Temperature turns to triple digits at DODDS-Europe football camp
August 14, 2003
BITBURG AIR BASE, Germany — It sure doesn’t feel like football weather.
As the biggest DODDS-Europe football camp opened Wednesday, some of the focus was on the near 100-degree temperatures.
About 375 high school students turned out for the three-day round of drills and competitions, the largest turnout in the camp’s 15-year history. Keeping them cool and hydrated is among the biggest concerns of the 26 coaches who volunteered to run the camp.
“We’re all worried about the heat,” said camp director Rik Carr, head coach of the Bitburg Barons, “but we’re well-prepared.
“We have water stations all over the place and medical personnel are present at all times. If the medics decide it’s too hot to continue, we’ll stop what we’re doing immediately.”
In addition to water stations, Carr said the Eifel military community provided the camp with a water trailer. Carr told the campers to use the trailer to douse their heads when they feel the heat catching up with them.

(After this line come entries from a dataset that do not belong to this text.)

lemma A_graph_edge_iff:
  "{x, y} \<in> snd (A_graph l) \<longleftrightarrow>
     x \<noteq> y \<and> 1 \<le> x \<and> 1 \<le> y \<and> x \<le> 2*l-1 \<and> y \<le> 2*l-1 \<and> x \<le> y + (l-1) \<and> y \<le> x + (l-1)"
    (is "_ \<longleftrightarrow> ?adj x y")
proof
  assume "{x, y} \<in> snd (A_graph l)"
  then obtain i j where "{x, y} = {i, j}" "i \<in> {1..2*l-1}" "j \<in> {1..2*l-1}" "i < j" "j - i \<le> l - 1"
    unfolding A_graph_def by auto
  then have ij: "{x, y} = {i, j}" "?adj i j"
    by auto
  then have "(x = i \<and> y = j) \<or> (x = j \<and> y = i)"
    by (simp add: doubleton_eq_iff)
  with ij(2) show "?adj x y"
    by auto
next
  have ordered: "{x, y} \<in> snd (A_graph l)" if "?adj x y" "x < y" for x y
  proof -
    have "x \<in> {1..2*l-1} \<and> y \<in> {1..2*l-1} \<and> x < y \<and> y - x \<le> l - 1"
      using that by auto
    then show ?thesis
      unfolding A_graph_def snd_conv by blast
  qed
  assume adj: "?adj x y"
  show "{x, y} \<in> snd (A_graph l)"
  proof (cases "x < y")
    case True
    with adj show ?thesis by (rule ordered)
  next
    case False
    with adj have "?adj y x" "y < x"
      by auto
    then have "{y, x} \<in> snd (A_graph l)"
      by (rule ordered)
    then show ?thesis
      by (simp add: insert_commute)
  qed
qed

lemma finite_A_graph_edges: "finite (snd (A_graph l))"
  by (rule finite_subset[of _ "Pow {1..2*l-1}"]) (auto simp: A_graph_def)

lemma finite_copies_A_graph: "finite (copies F (A_graph l))"
  by (rule finite_copies) (simp_all add: A_graph_verts finite_A_graph_edges)

lemma A_graph_window_edge:
  assumes "x \<in> {c..c+(l-1)}" "y \<in> {c..c+(l-1)}" "x \<noteq> y" "1 \<le> c" "c + (l-1) \<le> 2*l-1"
  shows "{x, y} \<in> snd (A_graph l)"
  using assms unfolding A_graph_edge_iff by auto

lemma subgraph_A_graph_window:
  assumes "is_graph H" "inj_on g (fst H)" "g ` fst H \<subseteq> {c..c+(l-1)}" "1 \<le> c" "c + (l-1) \<le> 2*l-1"
  shows "subgraph (map_graph g H) (A_graph l)"
proof (rule subgraph_map_graph[OF assms(1,2)])
  have "{c..c+(l-1)} \<subseteq> fst (A_graph l)"
    using assms(4,5) unfolding A_graph_verts by auto
  with assms(3) show "g ` fst H \<subseteq> fst (A_graph l)"
    by (rule subset_trans)
  fix u v assume "u \<in> fst H" "v \<in> fst H" "u \<noteq> v"
  then show "{g u, g v} \<in> snd (A_graph l)"
    using assms(2-5) by (intro A_graph_window_edge[of _ c]) (auto dest: inj_onD)
qed

lemma F_graph_verts: "fst (F_graph l t) = insert (2*l) {1..2*l-1}"
  unfolding F_graph_def A_graph_def by simp

lemma F_graph_edge_iff:
  "{x, y} \<in> snd (F_graph l t) \<longleftrightarrow>
     {x, y} \<in> snd (A_graph l) \<or> (x = 2*l \<and> y \<in> {1..t}) \<or> (y = 2*l \<and> x \<in> {1..t})"
  unfolding F_graph_def by (auto simp: doubleton_eq_iff)

lemma F_graph_apex_edge_iff:
  assumes "t < 2*l"
  shows "{x, 2*l} \<in> snd (F_graph l t) \<longleftrightarrow> x \<in> {1..t}"
proof -
  have "{x, 2*l} \<notin> snd (A_graph l)"
    unfolding A_graph_edge_iff by linarith
  with assms show ?thesis
    unfolding F_graph_edge_iff by auto
qed

lemma finite_F_graph_edges: "finite (snd (F_graph l t))"
proof -
  have "snd (F_graph l t) = snd (A_graph l) \<union> (\<lambda>j. {j, 2*l}) ` {1..t}"
    unfolding F_graph_def by auto
  then show ?thesis
    by (simp add: finite_A_graph_edges)
qed

lemma finite_copies_F_graph: "finite (copies F (F_graph l t))"
  by (rule finite_copies) (simp_all add: F_graph_verts finite_F_graph_edges)

section \<open>Copies through the apex 2l of F\<close>

lemma ex_bij_betw_extend:
  assumes "bij_betw f A0 B0" "A0 \<subseteq> A" "B0 \<subseteq> B" "finite A" "finite B" "card A = card B"
  obtains g where "bij_betw g A B" "\<And>x. x \<in> A0 \<Longrightarrow> g x = f x"
proof -
  have "card A0 = card B0"
    using assms(1) by (rule bij_betw_same_card)
  with assms(2-6) have "card (A - A0) = card (B - B0)"
    by (simp add: card_Diff_subset finite_subset)
  then obtain h where "bij_betw h (A - A0) (B - B0)"
    using assms(4,5) finite_same_card_bij by blast
  from bij_betw_disjoint_Un[OF assms(1) this]
  have "bij_betw (\<lambda>x. if x \<in> A0 then f x else h x) A B"
    using assms(2,3) by (simp add: Un_absorb1)
  then show thesis
    by (rule that) simp
qed

lemma apex_copy_neighbours:
  assumes "is_graph F" "H \<in> copies F (F_graph l t)" "2*l \<in> fst H" "t \<le> min_degree F" "t < 2*l"
  shows "{x \<in> fst H. {x, 2*l} \<in> snd H} = {1..t}"
proof -
  have H: "is_graph H" "isomorphic F H" "snd H \<subseteq> snd (F_graph l t)"
    using assms(2) unfolding copies_def subgraph_def by auto
  have sub: "{x \<in> fst H. {x, 2*l} \<in> snd H} \<subseteq> {1..t}"
    using H(3) F_graph_apex_edge_iff[OF assms(5)] by blast
  have "t \<le> degree H (2*l)"
    using min_degree_le_degree_isomorphic[OF assms(1) H(2,1) assms(3)] assms(4) by simp
  moreover have "card {x \<in> fst H. {x, 2*l} \<in> snd H} \<le> card {1..t}"
    using sub by (intro card_mono) simp_all
  ultimately have "card {x \<in> fst H. {x, 2*l} \<in> snd H} = card {1..t}"
    unfolding degree_def by simp
  with sub show ?thesis
    by (intro card_subset_eq) simp_all
qed

lemma apex_copy_verts:
  assumes "is_graph F" "connected_graph F" "diameter F = 2"
    and "H \<in> copies F (F_graph l t)" "2*l \<in> fst H" "t \<le> min_degree F" "t < l"
  shows "fst H \<subseteq> insert (2*l) {1..t+(l-1)}"
proof
  have H: "is_graph H" "isomorphic F H" "snd H \<subseteq> snd (F_graph l t)"
    using assms(4) unfolding copies_def subgraph_def by auto
  have nbrs: "{x \<in> fst H. {x, 2*l} \<in> snd H} = {1..t}"
    using apex_copy_neighbours[OF assms(1,4-6)] assms(7) by simp
  fix x assume x: "x \<in> fst H"
  show "x \<in> insert (2*l) {1..t+(l-1)}"
  proof (cases "x = 2*l \<or> {x, 2*l} \<in> snd H")
    case True
    with x nbrs have "x = 2*l \<or> x \<in> {1..t}"
      by blast
    then show ?thesis
      by auto
  next
    case False
    then obtain w where w: "w \<in> fst H" "{x, w} \<in> snd H" "{w, 2*l} \<in> snd H"
      using diameter_2_common_neighbour_isomorphic[OF assms(1-3) H(2,1) x assms(5)] by blast
    then have "w \<in> {1..t}"
      using nbrs by blast
    moreover have "{x, w} \<in> snd (F_graph l t)"
      using w(2) H(3) by blast
    ultimately have "{x, w} \<in> snd (A_graph l)"
      using False assms(7) unfolding F_graph_edge_iff by auto
    with \<open>w \<in> {1..t}\<close> show ?thesis
      unfolding A_graph_edge_iff by auto
  qed
qed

“Get a drink whenever you feel you need to hydrate yourself,” Carr told the campers at Wednesday morning’s introductory session at the Bitburg High School football field.
Players filled two sections of bleachers at the field: a sign of the growing awareness by high school football players that the DODDS camp — with the instruction and conditioning it provides — is an effective path to better performance on the field.
“Look at the people around you,” Carr said after introducing participants who made All-Europe, including running back Ryan Butler of AFNORTH and quarterback Shawn Bachtel and placekicker Garrett Eichhorn of Ansbach. “Eighty percent of the players who will make all-conference and All-Europe this year are attending this camp.”
Although the camp drills stress fundamentals, even the most experienced players were eager to get started.
“I’m trying to get into shape,” Butler said. “The camp helps me get used to the pace of the game again.”
SHAPE quarterback Ryan Rice was working on his mechanics.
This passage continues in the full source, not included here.